#### Exercise details:
Reproduce every line of the material, exactly as given.
---*---
lemma sprime_1_plus_2_sqrt2: "sprime (1 + 2 * sqrt 2)"
  using sprime_nat_plus_sqrt2_if_odd_coprime[of 1 2] by simp

lemma sprime_factorD:
  "sprime p \<Longrightarrow> u \<in> S \<Longrightarrow> z \<in> S \<Longrightarrow> p = u * z \<Longrightarrow> u = 1 \<or> u = p"
  unfolding sprime_def sdvd_def by blast

lemma sprime_neq_one: "sprime p \<Longrightarrow> p \<noteq> 1"
  unfolding sprime_def sunit_iff by blast

lemma sprop_not_transitive_if_sprime:
  assumes p: "sprime p" and r: "sprime r" and s: "sprime s" and q: "q \<in> S"
    and pq_rs: "p * q = r * s" and "p \<noteq> r" "p \<noteq> s"
  shows "sprop p s (p * q) (q * s)" "sprop (p * q) (q * s) r q" "\<not> sprop p s r q"
proof -
  have inS: "p \<in> S" "r \<in> S" "s \<in> S" using p r s unfolding sprime_def by auto
  show "sprop p s (p * q) (q * s)" unfolding sprop_def
    using inS q one_in_S
    by (intro bexI[of _ 1] bexI[of _ q] bexI[of _ p] bexI[of _ s]) (auto simp: mult.commute)
  show "sprop (p * q) (q * s) r q" unfolding sprop_def
    using inS q one_in_S pq_rs
    by (intro bexI[of _ s] bexI[of _ 1] bexI[of _ r] bexI[of _ q]) (auto simp: mult.commute)
  show "\<not> sprop p s r q"
  proof
    assume "sprop p s r q"
    then obtain x y m n where xymn: "x \<in> S" "y \<in> S" "m \<in> S" "n \<in> S"
      and eqs: "p = m * x" "s = n * x" "r = m * y" "q = n * y"
      unfolding sprop_def by blast
    have "x = 1 \<or> x = p" using sprime_factorD[OF p xymn(1,3)] eqs(1) by (simp add: mult.commute)
    then show False
    proof
      assume "x = 1"
      with eqs have "r = p * y" by simp
      then have "p = 1 \<or> p = r" using sprime_factorD[OF r inS(1) xymn(2)] by simp
      with p \<open>p \<noteq> r\<close> show False using sprime_neq_one by blast
    next
      assume "x = p"
      with eqs have "s = p * n" by (simp add: mult.commute)
      then have "p = 1 \<or> p = s" using sprime_factorD[OF s inS(1) xymn(4)] by simp
      with p \<open>p \<noteq> s\<close> show False using sprime_neq_one by blast
    qed
  qed
qed

lemma no_sgcd_if_sprime:
  assumes p: "sprime p" and q: "sprime q" and s: "sprime s" and r: "r \<in> S"
    and pq_rs: "p * q = r * s" and "p \<noteq> s" "q \<noteq> s"
  shows "\<not> is_sgcd g (p * q) (p * s)"
proof
  assume "is_sgcd g (p * q) (p * s)"
  then have g: "sdvd g (p * q)" "sdvd g (p * s)"
    and greatest: "\<And>c. c \<in> S \<Longrightarrow> sdvd c (p * q) \<Longrightarrow> sdvd c (p * s) \<Longrightarrow> sdvd c g"
    unfolding is_sgcd_def by blast+
  have inS: "p \<in> S" "q \<in> S" "s \<in> S" using p q s unfolding sprime_def by auto
  have "p \<noteq> 0" using S_pos inS(1) by force
  have "sdvd p g" using greatest[OF inS(1)] inS unfolding sdvd_def by blast
  then obtain t where t: "t \<in> S" "g = p * t" unfolding sdvd_def by blast
  have "sdvd s g" using greatest[OF inS(3)] inS r pq_rs unfolding sdvd_def by (metis mult.commute)
  then obtain w where w: "w \<in> S" "g = s * w" unfolding sdvd_def by blast
  obtain z where z: "z \<in> S" "p * q = g * z" using g(1) unfolding sdvd_def by blast
  with t \<open>p \<noteq> 0\<close> have "q = t * z" by (simp add: mult.assoc)
  then have "t = 1 \<or> t = q" using sprime_factorD[OF q t(1) z(1)] by simp
  then show False
  proof
    assume "t = 1"
    with t w have "p = s * w" by simp
    then have "s = 1 \<or> s = p" using sprime_factorD[OF p inS(3) w(1)] by simp
    with s \<open>p \<noteq> s\<close> show False using sprime_neq_one by auto
  next
    assume "t = q"
    obtain z' where z': "z' \<in> S" "p * s = g * z'" using g(2) unfolding sdvd_def by blast
    with t \<open>t = q\<close> \<open>p \<noteq> 0\<close> have "s = q * z'" by (simp add: mult.assoc)
    then have "q = 1 \<or> q = s" using sprime_factorD[OF s inS(2) z'(1)] by simp
    with q \<open>q \<noteq> s\<close> show False using sprime_neq_one by auto
  qed
qed

theorem mainTheorem14:
  shows "(\<forall>x. sunit x \<longleftrightarrow> x = 1)
    \<and> (7 * (5 + 2 * sqrt 2) = (3 + 8 * sqrt 2) * (1 + 2 * sqrt 2)
       \<and> sprime 7 \<and> sprime (5 + 2 * sqrt 2) \<and> sprime (3 + 8 * sqrt 2) \<and> sprime (1 + 2 * sqrt 2))
    \<and> \<not> (\<forall>a\<in>S. \<forall>b\<in>S. \<forall>c\<in>S. \<forall>d\<in>S. \<forall>e\<in>S. \<forall>f\<in>S.
            sprop a b c d \<and> sprop c d e f \<longrightarrow> sprop a b e f)
    \<and> \<not> (\<exists>g. is_sgcd g (7 * (5 + 2 * sqrt 2)) (7 * (1 + 2 * sqrt 2)))"
proof -
  have identity: "7 * (5 + 2 * sqrt 2) = (3 + 8 * sqrt 2) * (1 + 2 * sqrt (2::real))"
    using nat_plus_sqrt2_mult[of 3 8 1 2] by simp
  have primes: "sprime 7" "sprime (5 + 2 * sqrt 2)" "sprime (3 + 8 * sqrt 2)" "sprime (1 + 2 * sqrt 2)"
    by (fact sprime_seven sprime_5_plus_2_sqrt2 sprime_3_plus_8_sqrt2 sprime_1_plus_2_sqrt2)+
  then have inS: "7 \<in> S" "5 + 2 * sqrt 2 \<in> S" "3 + 8 * sqrt 2 \<in> S" "1 + 2 * sqrt 2 \<in> S"
    unfolding sprime_def by auto
  have "1 < sqrt (2::real)" "sqrt (2::real) < 2" by (simp_all add: sqrt2_less_2)
  then have distinct: "7 \<noteq> 3 + 8 * sqrt 2" "7 \<noteq> 1 + 2 * sqrt (2::real)"
    "5 + 2 * sqrt 2 \<noteq> 1 + 2 * sqrt (2::real)"
    by linarith+
  note not_transitive = sprop_not_transitive_if_sprime[OF primes(1,3,4) inS(2) identity distinct(1,2)]
  have "\<not> (\<forall>a\<in>S. \<forall>b\<in>S. \<forall>c\<in>S. \<forall>d\<in>S. \<forall>e\<in>S. \<forall>f\<in>S.
            sprop a b c d \<and> sprop c d e f \<longrightarrow> sprop a b e f)"
  proof
    assume "\<forall>a\<in>S. \<forall>b\<in>S. \<forall>c\<in>S. \<forall>d\<in>S. \<forall>e\<in>S. \<forall>f\<in>S.
              sprop a b c d \<and> sprop c d e f \<longrightarrow> sprop a b e f"
    from this[rule_format, OF inS(1,4) S_mult_closed[OF inS(1,2)] S_mult_closed[OF inS(2,4)] inS(3,2)]
    show False using not_transitive by blast
  qed
  moreover have "\<not> (\<exists>g. is_sgcd g (7 * (5 + 2 * sqrt 2)) (7 * (1 + 2 * sqrt 2)))"
    using no_sgcd_if_sprime[OF primes(1,2,4) inS(3) identity distinct(2,3)] by blast
  moreover have "\<forall>x. sunit x \<longleftrightarrow> x = 1" using sunit_iff by blast
  ultimately show ?thesis using identity primes by (intro conjI)
qed

end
---*---
#### Result of the task:
lemma sprime_1_plus_2_sqrt2: "sprime (1 + 2 * sqrt 2)"
  using sprime_nat_plus_sqrt2_if_odd_coprime[of 1 2] by simp

lemma sprime_factorD:
  "sprime p \<Longrightarrow> u \<in> S \<Longrightarrow> z \<in> S \<Longrightarrow> p = u * z \<Longrightarrow> u = 1 \<or> u = p"
  unfolding sprime_def sdvd_def by blast

lemma sprime_neq_one: "sprime p \<Longrightarrow> p \<noteq> 1"
  unfolding sprime_def sunit_iff by blast

lemma sprop_not_transitive_if_sprime:
  assumes p: "sprime p" and r: "sprime r" and s: "sprime s" and q: "q \<in> S"
    and pq_rs: "p * q = r * s" and "p \<noteq> r" "p \<noteq> s"
  shows "sprop p s (p * q) (q * s)" "sprop (p * q) (q * s) r q" "\<not> sprop p s r q"
proof -
  have inS: "p \<in> S" "r \<in> S" "s \<in> S" using p r s unfolding sprime_def by auto
  show "sprop p s (p * q) (q * s)" unfolding sprop_def
    using inS q one_in_S
    by (intro bexI[of _ 1] bexI[of _ q] bexI[of _ p] bexI[of _ s]) (auto simp: mult.commute)
  show "sprop (p * q) (q * s) r q" unfolding sprop_def
    using inS q one_in_S pq_rs
    by (intro bexI[of _ s] bexI[of _ 1] bexI[of _ r] bexI[of _ q]) (auto simp: mult.commute)
  show "\<not> sprop p s r q"
  proof
    assume "sprop p s r q"
    then obtain x y m n where xymn: "x \<in> S" "y \<in> S" "m \<in> S" "n \<in> S"
      and eqs: "p = m * x" "s = n * x" "r = m * y" "q = n * y"
      unfolding sprop_def by blast
    have "x = 1 \<or> x = p" using sprime_factorD[OF p xymn(1,3)] eqs(1) by (simp add: mult.commute)
    then show False
    proof
      assume "x = 1"
      with eqs have "r = p * y" by simp
      then have "p = 1 \<or> p = r" using sprime_factorD[OF r inS(1) xymn(2)] by simp
      with p \<open>p \<noteq> r\<close> show False using sprime_neq_one by blast
    next
      assume "x = p"
      with eqs have "s = p * n" by (simp add: mult.commute)
      then have "p = 1 \<or> p = s" using sprime_factorD[OF s inS(1) xymn(4)] by simp
      with p \<open>p \<noteq> s\<close> show False using sprime_neq_one by blast
    qed
  qed
qed

lemma no_sgcd_if_sprime:
  assumes p: "sprime p" and q: "sprime q" and s: "sprime s" and r: "r \<in> S"
    and pq_rs: "p * q = r * s" and "p \<noteq> s" "q \<noteq> s"
  shows "\<not> is_sgcd g (p * q) (p * s)"
proof
  assume "is_sgcd g (p * q) (p * s)"
  then have g: "sdvd g (p * q)" "sdvd g (p * s)"
    and greatest: "\<And>c. c \<in> S \<Longrightarrow> sdvd c (p * q) \<Longrightarrow> sdvd c (p * s) \<Longrightarrow> sdvd c g"
    unfolding is_sgcd_def by blast+
  have inS: "p \<in> S" "q \<in> S" "s \<in> S" using p q s unfolding sprime_def by auto
  have "p \<noteq> 0" using S_pos inS(1) by force
  have "sdvd p g" using greatest[OF inS(1)] inS unfolding sdvd_def by blast
  then obtain t where t: "t \<in> S" "g = p * t" unfolding sdvd_def by blast
  have "sdvd s g" using greatest[OF inS(3)] inS r pq_rs unfolding sdvd_def by (metis mult.commute)
  then obtain w where w: "w \<in> S" "g = s * w" unfolding sdvd_def by blast
  obtain z where z: "z \<in> S" "p * q = g * z" using g(1) unfolding sdvd_def by blast
  with t \<open>p \<noteq> 0\<close> have "q = t * z" by (simp add: mult.assoc)
  then have "t = 1 \<or> t = q" using sprime_factorD[OF q t(1) z(1)] by simp
  then show False
  proof
    assume "t = 1"
    with t w have "p = s * w" by simp
    then have "s = 1 \<or> s = p" using sprime_factorD[OF p inS(3) w(1)] by simp
    with s \<open>p \<noteq> s\<close> show False using sprime_neq_one by auto
  next
    assume "t = q"
    obtain z' where z': "z' \<in> S" "p * s = g * z'" using g(2) unfolding sdvd_def by blast
    with t \<open>t = q\<close> \<open>p \<noteq> 0\<close> have "s = q * z'" by (simp add: mult.assoc)
    then have "q = 1 \<or> q = s" using sprime_factorD[OF s inS(2) z'(1)] by simp
    with q \<open>q \<noteq> s\<close> show False using sprime_neq_one by auto
  qed
qed

theorem mainTheorem14:
  shows "(\<forall>x. sunit x \<longleftrightarrow> x = 1)
    \<and> (7 * (5 + 2 * sqrt 2) = (3 + 8 * sqrt 2) * (1 + 2 * sqrt 2)
       \<and> sprime 7 \<and> sprime (5 + 2 * sqrt 2) \<and> sprime (3 + 8 * sqrt 2) \<and> sprime (1 + 2 * sqrt 2))
    \<and> \<not> (\<forall>a\<in>S. \<forall>b\<in>S. \<forall>c\<in>S. \<forall>d\<in>S. \<forall>e\<in>S. \<forall>f\<in>S.
            sprop a b c d \<and> sprop c d e f \<longrightarrow> sprop a b e f)
    \<and> \<not> (\<exists>g. is_sgcd g (7 * (5 + 2 * sqrt 2)) (7 * (1 + 2 * sqrt 2)))"
proof -
  have identity: "7 * (5 + 2 * sqrt 2) = (3 + 8 * sqrt 2) * (1 + 2 * sqrt (2::real))"
    using nat_plus_sqrt2_mult[of 3 8 1 2] by simp
  have primes: "sprime 7" "sprime (5 + 2 * sqrt 2)" "sprime (3 + 8 * sqrt 2)" "sprime (1 + 2 * sqrt 2)"
    by (fact sprime_seven sprime_5_plus_2_sqrt2 sprime_3_plus_8_sqrt2 sprime_1_plus_2_sqrt2)+
  then have inS: "7 \<in> S" "5 + 2 * sqrt 2 \<in> S" "3 + 8 * sqrt 2 \<in> S" "1 + 2 * sqrt 2 \<in> S"
    unfolding sprime_def by auto
  have "1 < sqrt (2::real)" "sqrt (2::real) < 2" by (simp_all add: sqrt2_less_2)
  then have distinct: "7 \<noteq> 3 + 8 * sqrt 2" "7 \<noteq> 1 + 2 * sqrt (2::real)"
    "5 + 2 * sqrt 2 \<noteq> 1 + 2 * sqrt (2::real)"
    by linarith+
  note not_transitive = sprop_not_transitive_if_sprime[OF primes(1,3,4) inS(2) identity distinct(1,2)]
  have "\<not> (\<forall>a\<in>S. \<forall>b\<in>S. \<forall>c\<in>S. \<forall>d\<in>S. \<forall>e\<in>S. \<forall>f\<in>S.
            sprop a b c d \<and> sprop c d e f \<longrightarrow> sprop a b e f)"
  proof
    assume "\<forall>a\<in>S. \<forall>b\<in>S. \<forall>c\<in>S. \<forall>d\<in>S. \<forall>e\<in>S. \<forall>f\<in>S.
              sprop a b c d \<and> sprop c d e f \<longrightarrow> sprop a b e f"
    from this[rule_format, OF inS(1,4) S_mult_closed[OF inS(1,2)] S_mult_closed[OF inS(2,4)] inS(3,2)]
    show False using not_transitive by blast
  qed
  moreover have "\<not> (\<exists>g. is_sgcd g (7 * (5 + 2 * sqrt 2)) (7 * (1 + 2 * sqrt 2)))"
    using no_sgcd_if_sprime[OF primes(1,2,4) inS(3) identity distinct(2,3)] by blast
  moreover have "\<forall>x. sunit x \<longleftrightarrow> x = 1" using sunit_iff by blast
  ultimately show ?thesis using identity primes by (intro conjI)
qed

end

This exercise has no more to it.